A Baleia Juabarte também é conhecida como baleia corcunda ou baleia cantora, já que seu canto ecoa pela imensidão azul dos oceanos a chamar o macho ou sua cria!
Um salto com a barriga pra cima, e o barco balança, balança, mas não cai!
Sede do Instituo Baleia Jubarte em Caravelas, sul da Bahia
Em Caravelas existe o Museu da Baleia, a céu aberto na praia, mas já está se deteriorando com o tempo...
O barco dos ECOVOLUNTÁRIOS, atentos aos avisos sonoros e avistagens das baleias
Mais um mergulho num dia azul!
Neste dia um grupo de jubartes com filhotes e suas mães nadando bem próximas ao barco
Do barco avista-se o Farol de Abrolhos, de onde saem avisos aos navegantes em alto mar que se aproximam da região sudeste do Brasil
Outro lado da ilha Redonda, onde é o ninhal das fragatas. Com a maré baixa, formam-se piscinas naturais cheias de peixinhos ou crustáceos
Este é para aplaudir de pé! Uma jubarte com quase 40 toneladas saltando em seu show particular (foto da web)
Uma praia da ilha de Santa Bárbara, totalmente coberta por pedras de origem vulcânica
Baleia inciando o salto perto do barco
Os atobás vivem no arquipélago, onde se reproduzem livremente
Alinhar ao centro
Estávamos saindo da ilha com o bote para recepcionar os turistas que chegaram em uma escuna



Estamos bem no meio do ano, e para quem quer conhecer de perto esses cetáceos gigantes, é a melhor época. As baleias Jubarte são cosmopolitas e habitam todos os oceanos. Mas, durante o inverno no hemisfério sul, elas dão preferência às águas mornas do litoral nordestino brasileiro. É para cá que elas vêm neste período para acasalar e dar à luz seus filhotes. Normalmente elas chegam em junho e ficam até outubro/ novembro. No verão voltam para as águas geladas da Antártida para se alimentar. Apesar da imensidão do nosso litoral, é no Banco de Abrolhos, sul da Bahia, seu maior berçário. Ali elas fazem a festa! Já tive a oportunidade de observá-las algumas vezes e não me canso de dizer: é uma experiência emocionante!!! Cada vez é como se fosse a primeira. Quando aquela criatura tão dócil (que pode chegar a 40 toneladas!) passa ao lado do teu barco e ainda dá tempo de te mirar como os olhos antes de mergulhar....dá um friozinho na barriga e uma vontade inexplicável de cair na água e nadar junto! Mas só pesquisadores credenciados têm esta permissão. Os pequenos filhotes já nascem com mais ou menos 1 tonelada e conseguem mamar até 100 litros de leite por dia ( o leite da baleia tem um alto teor de gordura -40%- não é à toa que o "pequeno" consegue dobrar de tamanho em pouco tempo!). Enquanto filhotes, eles ficam sempre ao lado da mãe. Isso evita que se percam ou sofram ataques de tubarões e outros predadores. Certa vez, quando morava no sul da Bahia, um filhote de 2 ton. encalhou em uma praia ao sul de Prado. Ficamos a manhã toda molhando-o até que finalmente conseguimos devolvê-lo ao mar já quase meio dia. A boa ação do dia foi comemorada por pescadores e voluntários que ajudaram na hora. Pena que 3 dias depois, a mesma baleia foi encontrada morta em uma praia pouco mais ao sul. Talvez, por estar muito debilitada, não tenha encontrado seu caminho de volta.....

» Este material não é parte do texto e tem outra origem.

lemma exists_digit_dvd_linear:
  fixes x y :: int
  assumes "prime p" "\<not> int p dvd x" "\<not> int p dvd y"
  obtains a where "1 \<le> a" "a \<le> p - 1" "int p dvd x * int a + y"
proof -
  have "coprime (int p) x" using assms by (simp add: prime_imp_coprime)
  then obtain s t where st: "s * x + t * int p = 1"
    using bezout_int[of x "int p"] by (auto simp: coprime_iff_gcd_eq_1 gcd.commute)
  define r where "r = (- y * s) mod int p"
  have "p > 0" using assms(1) prime_gt_0_nat by blast
  have e1: "r - (- y * s) = - (int p * ((- y * s) div int p))"
    using minus_mod_eq_mult_div[of "- y * s" "int p"] unfolding r_def by linarith
  have e2: "1 - s * x = t * int p" using st by linarith
  have "x * r + y = x * (r - (- y * s)) + y * (1 - s * x)"
    by (simp add: algebra_simps)
  also have "\<dots> = int p * (y * t - x * ((- y * s) div int p))"
    unfolding e1 e2 by (simp add: algebra_simps)
  finally have dvd: "int p dvd x * r + y" by simp
  then have "r \<noteq> 0" using assms(3) by auto
  moreover have "0 \<le> r" "r < int p" using \<open>p > 0\<close> by (simp_all add: r_def)
  ultimately show ?thesis
    using that[of "nat r"] dvd by simp
qed

lemma exists_digit_p_multiple_add_divide:
  assumes "prime p" "p_integral p x" "p_integral p y" "\<not> p_multiple p 1 x" "\<not> p_multiple p 1 y"
  obtains a where "1 \<le> a" "a \<le> p - 1" "p_multiple p 1 (x + y / of_nat a)"
proof -
  have unit: "\<not> int p dvd c"
    if z: "\<not> p_multiple p 1 z" "z = of_int c / of_int b" and b: "b \<noteq> 0" "coprime b (int p)" for z c b
  proof
    assume "int p dvd c"
    then obtain k where "c = int p * k" ..
    then have "z = of_nat p * (of_int k / of_int b)" using z(2) by simp
    moreover have "p_integral p (of_int k / of_int b)" unfolding p_integral_def using b by blast
    ultimately show False using z(1) unfolding p_multiple_def by auto
  qed
  obtain X B Y C where XB: "B \<noteq> 0" "coprime B (int p)" "x = of_int X / of_int B"
    and YC: "C \<noteq> 0" "coprime C (int p)" "y = of_int Y / of_int C"
    using assms(2,3) unfolding p_integral_def by blast
  have "prime (int p)" using assms(1) by simp
  then have "\<not> int p dvd B" "\<not> int p dvd C"
    using coprime_common_divisor[OF XB(2) _ dvd_refl] coprime_common_divisor[OF YC(2) _ dvd_refl]
      not_prime_unit by blast+
  then have "\<not> int p dvd X * C" "\<not> int p dvd Y * B"
    using unit[OF assms(4) XB(3,1,2)] unit[OF assms(5) YC(3,1,2)]
    by (simp_all add: prime_dvd_mult_iff[OF \<open>prime (int p)\<close>])
  then obtain a where a: "1 \<le> a" "a \<le> p - 1" "int p dvd X * C * int a + Y * B"
    using exists_digit_dvd_linear[OF assms(1)] by blast
  then obtain k where k: "X * C * int a + Y * B = int p * k" by blast
  have "coprime (int a) (int p)"
    using a prime_gt_0_nat[OF assms(1)] by (intro coprime_less_prime[OF assms(1)]) auto
  then have "p_integral p (of_int k / of_int (B * C * int a))"
    unfolding p_integral_def using XB YC a by (intro exI[of _ k] exI[of _ "B * C * int a"]) auto
  moreover have "x + y / of_nat a = of_int (X * C * int a + Y * B) / of_int (B * C * int a)"
    unfolding XB(3) YC(3) using XB(1) YC(1) a(1) by (simp add: field_simps)
  ultimately have "p_multiple p 1 (x + y / of_nat a)"
    unfolding p_multiple_def k by (intro exI[of _ "of_int k / of_int (B * C * int a)"]) simp
  then show ?thesis using that[OF a(1,2)] by blast
qed

lemma exists_digit_last_digit_0:
  assumes "prime p" "odd p" "1 \<le> u" "u \<le> p - 1" "\<not> p_multiple p 1 (harmonic (u - 1))"
  obtains a where "1 \<le> a" "a \<le> p - 1"
    "\<And>e. e \<ge> 2 \<Longrightarrow> p_multiple p 1 (digit_harmonic_diff p u (p ^ e + p * a))"
proof -
  have "p_integral p (harmonic (u - 1))"
    using p_integral_harmonic[OF assms(1), of "u - 1"] assms(3,4) by simp
  moreover have "\<not> p_multiple p 1 1"
    using not_p_multiple_of_nat[OF assms(1), of 1] assms(3,4) by simp
  ultimately obtain a where a: "1 \<le> a" "a \<le> p - 1" "p_multiple p 1 (harmonic (u - 1) + 1 / of_nat a)"
    using exists_digit_p_multiple_add_divide[OF assms(1) _ p_integral_1 assms(5)] by blast
  have "p_multiple p 1 (digit_harmonic_diff p u (p ^ e + p * a))" if "e \<ge> 2" for e
    using p_multiple_add[OF digit_harmonic_diff_cong_last_digit_0[OF assms(1-4) that a(1,2)] a(3)]
    by (simp add: add.commute)
  then show ?thesis using that[OF a(1,2)] by blast
qed

lemma exists_digit_last_digit_1:
  assumes "prime p" "odd p" "2 \<le> u" "u \<le> p - 1" "p_multiple p 1 (harmonic (u - 1))"
  obtains a where "1 \<le> a" "a \<le> p - 1"
    "\<And>e. e \<ge> 2 \<Longrightarrow> p_multiple p 1 (digit_harmonic_diff p u (p ^ e + p * a + 1))"
proof -
  define x y where "x = of_nat u - of_nat (u - 1) * harmonic (u - 1)" and "y = 1 - (of_nat u :: rat)"
  have "u < p" using assms(4) prime_gt_0_nat[OF assms(1)] by linarith
  have "\<not> p_multiple p 1 x"
  proof
    assume "p_multiple p 1 x"
    moreover have "p_multiple p 1 (of_nat (u - 1) * harmonic (u - 1))"
      using assms(5) by (intro p_multiple_mult_left) simp_all
    ultimately have "p_multiple p 1 (of_nat u)" unfolding x_def by (metis diff_add_cancel p_multiple_add)
    then show False using not_p_multiple_of_nat[OF assms(1)] assms(3) \<open>u < p\<close> by simp
  qed
  moreover have "\<not> p_multiple p 1 y"
  proof
    assume "p_multiple p 1 y"
    then have "p_multiple p 1 (of_nat (u - 1))"
      using p_multiple_uminus[of p 1 y] assms(3) unfolding y_def by simp
    then show False using not_p_multiple_of_nat[OF assms(1), of "u - 1"] assms(3) \<open>u < p\<close> by linarith
  qed
  moreover have "p_integral p x"
    unfolding x_def using p_integral_harmonic[OF assms(1), of "u - 1"] \<open>u < p\<close>
    by (intro p_integral_diff p_integral_mult p_integral_of_nat) simp
  moreover have "p_integral p y"
    unfolding y_def by (rule p_integral_diff) simp_all
  ultimately obtain a where a: "1 \<le> a" "a \<le> p - 1" "p_multiple p 1 (x + y / of_nat a)"
    using exists_digit_p_multiple_add_divide[OF assms(1) \<open>p_integral p x\<close> \<open>p_integral p y\<close>] by blast
  have "1 \<le> u" using assms(3) by simp
  have "p_multiple p 1 (digit_harmonic_diff p u (p ^ e + p * a + 1))" if "e \<ge> 2" for e
    using p_multiple_add[OF digit_harmonic_diff_cong_last_digit_1[OF assms(1,2) \<open>1 \<le> u\<close> assms(4) that a(1,2)]
        a(3)]
    unfolding x_def y_def by simp
  then show ?thesis using that[OF a(1,2)] by blast
qed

Mesmo para quem não é biólogo, ou veterinário, ou oceanógrafo, mas tem afinidade com a natureza e gosta de ajudar, existe o programa de "ECOVOLUNTÁRIOS" para o projeto Baleia Jubarte. O interessado contribui financeiramente para o projeto, tem casa e comida durante o período e participa de algumas atividades junto aos pesquisadores, como:
  • Auxiliar na preparação dos cruzeiros marítimos
  • Participar do programa de Educação Ambiental
  • Auxiliar em palestras aos turistas
  • Auxiliar no resgate de cetáceos vivos ou mortos (baleias e golfinhos)
  • Auxiliar em campo, seja em alto mar ou na cidade de Caravelas
Eu sempre fui uma ecovoluntária extra-oficialmente e, confesso, faria tudo outra vez! Estive no arquipélago algumas vezes ajudando no monitoramento do parque marinho e na marcação das aves. E na época das baleias, acabei participando de um desses cruzeiros "de carona". Super Recomendo!!!!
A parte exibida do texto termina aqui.